Julian Ernst Besag FRS (26 March 1945 – 6 August 2010) was a British statistician known chiefly for his work in spatial statistics (including its applications to epidemiology, image analysis and agricultural science), and Bayesian inference (including Markov chain Monte Carlo algorithms).

== Early life and education ==
Besag was born in Loughborough and was educated at Loughborough Grammar School. He began studying engineering at the University of Cambridge but moved to the University of Birmingham to study statistics, obtaining his BSc in 1968.

== Career ==
He then spent a year as a research assistant to Maurice Bartlett at the University of Oxford before obtaining a lectureship at the University of Liverpool. Inspired by John Tukey, he visited Princeton for a year.

He moved to the University of Durham in 1975, where he became a professor in 1986. He was a visiting professor at the University of Washington in Seattle during 1989–90 and, after a year at Newcastle University, returned to Seattle long-term. He officially retired in 2007 but remained an emeritus professor. At his death in 2010 he was also a visiting professor at the Universities of Bath and Bristol.

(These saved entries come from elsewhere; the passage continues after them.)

lemma not_mu_distributed_if_letter_at_even:
  assumes even: "\<And>m. y (2 * m) = b" and null: "mu [b] = 0"
  shows "\<not> mu_distributed mu y"
proof
  assume "mu_distributed mu y"
  then have "(\<lambda>N. real (occ [b] y N) / real N) \<longlonglongrightarrow> mu [b]"
    unfolding mu_distributed_def by blast
  then have "(\<lambda>N. real (occ [b] y N) / real N) \<longlonglongrightarrow> 0"
    using null by simp
  moreover have "strict_mono (\<lambda>n::nat. 2 * Suc n)"
    by (simp add: strict_mono_def)
  ultimately have lim: "(\<lambda>n. real (occ [b] y (2 * Suc n)) / real (2 * Suc n)) \<longlonglongrightarrow> 0"
    by (rule LIMSEQ_subseq_LIMSEQ[unfolded o_def])
  have half: "1 / 2 \<le> real (occ [b] y (2 * Suc n)) / real (2 * Suc n)" for n
  proof -
    have "(\<lambda>m. 2 * m) ` {..n} \<subseteq> {i. y i = b} \<inter> {..<2 * Suc n}"
      using even by auto
    then have "card ((\<lambda>m. 2 * m) ` {..n}) \<le> occ [b] y (2 * Suc n)"
      unfolding occ_singleton by (intro card_mono) auto
    then have "Suc n \<le> occ [b] y (2 * Suc n)"
      by (simp add: card_image inj_on_def)
    then show ?thesis by (simp add: field_simps)
  qed
  have "1 / 2 \<le> (0::real)"
    using half by (intro tendsto_lowerbound[OF lim] always_eventually) auto
  then show False by simp
qed

lemma postnikova_singleton: "xs \<in> postnikova [b] \<longleftrightarrow> xs \<noteq> [] \<and> last xs = b"
proof
  assume "xs \<in> postnikova [b]"
  then obtain v where "xs = v @ [b]" unfolding postnikova_def by blast
  then show "xs \<noteq> [] \<and> last xs = b" by simp
next
  assume "xs \<noteq> [] \<and> last xs = b"
  then have "xs = butlast xs @ [b]" by (metis append_butlast_last_id)
  then show "xs \<in> postnikova [b]" unfolding postnikova_def by blast
qed

definition plant_square_pairs :: "'a \<Rightarrow> 'a \<Rightarrow> (nat \<Rightarrow> 'a) \<Rightarrow> nat \<Rightarrow> 'a" where
  "plant_square_pairs b c x i = (if i \<in> square_pairs then b else if x i = b then c else x i)"

lemma plant_square_pairs_eq_iff:
  "c \<noteq> b \<Longrightarrow> plant_square_pairs b c x i = b \<longleftrightarrow> i \<in> square_pairs"
  unfolding plant_square_pairs_def by auto

lemma mu_distributed_plant_square_pairs:
  assumes "mu_distributed mu x" "mu [b] = 0"
  shows "mu_distributed mu (plant_square_pairs b c x)"
proof (rule mu_distributed_if_density_zero_disagreement[OF assms(1)])
  have "{i. plant_square_pairs b c x i \<noteq> x i} \<subseteq> square_pairs \<union> {i. x i = b}"
    unfolding plant_square_pairs_def by auto
  then show "density_zero {i. plant_square_pairs b c x i \<noteq> x i}"
    using density_zero_Un[OF density_zero_square_pairs density_zero_letter[OF assms]]
    by (rule density_zero_subset[rotated])
qed

lemma select_postnikova_plant_square_pairs:
  assumes "c \<noteq> b"
  shows "sel_positions (postnikova [b]) (plant_square_pairs b c x) = range after_square_pair"
    and "select (postnikova [b]) (plant_square_pairs b c x) = plant_square_pairs b c x \<circ> after_square_pair"
proof -
  have "i \<in> sel_positions (postnikova [b]) (plant_square_pairs b c x) \<longleftrightarrow> i \<in> Suc ` square_pairs" for i
  proof (cases i)
    case (Suc j)
    then have "i \<in> Suc ` square_pairs \<longleftrightarrow> j \<in> square_pairs" by auto
    with Suc show ?thesis
      by (simp add: sel_positions_def postnikova_singleton last_map plant_square_pairs_eq_iff[OF assms])
  qed (simp add: sel_positions_def postnikova_singleton)
  then show sel: "sel_positions (postnikova [b]) (plant_square_pairs b c x) = range after_square_pair"
    unfolding range_after_square_pair by blast
  show "select (postnikova [b]) (plant_square_pairs b c x) = plant_square_pairs b c x \<circ> after_square_pair"
    unfolding select_def sel enumerate_range_strict_mono[OF strict_mono_after_square_pair] ..
qed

Besag was an ISI highly cited researcher; his 1986 paper "On the Statistical Analysis of Dirty Pictures" was the most cited paper by a UK mathematical scientist in the 1980s. The Royal Statistical Society awarded him its Guy Medal in Silver in 1983 for his contributions to spatial statistics, and he was elected a Fellow of the Royal Society in 2004.

== Notable contributions ==

=== Spatial statistics ===
For an array of random variables Y_{ij}, stochastic dependence was known to be important. Julian initially researched a model to for the correlation between Y_{ij} pairs as a function of the distance between the corresponding lattice point pairs. However, this proved to be difficult due to ambiguous conditions for self-consistency.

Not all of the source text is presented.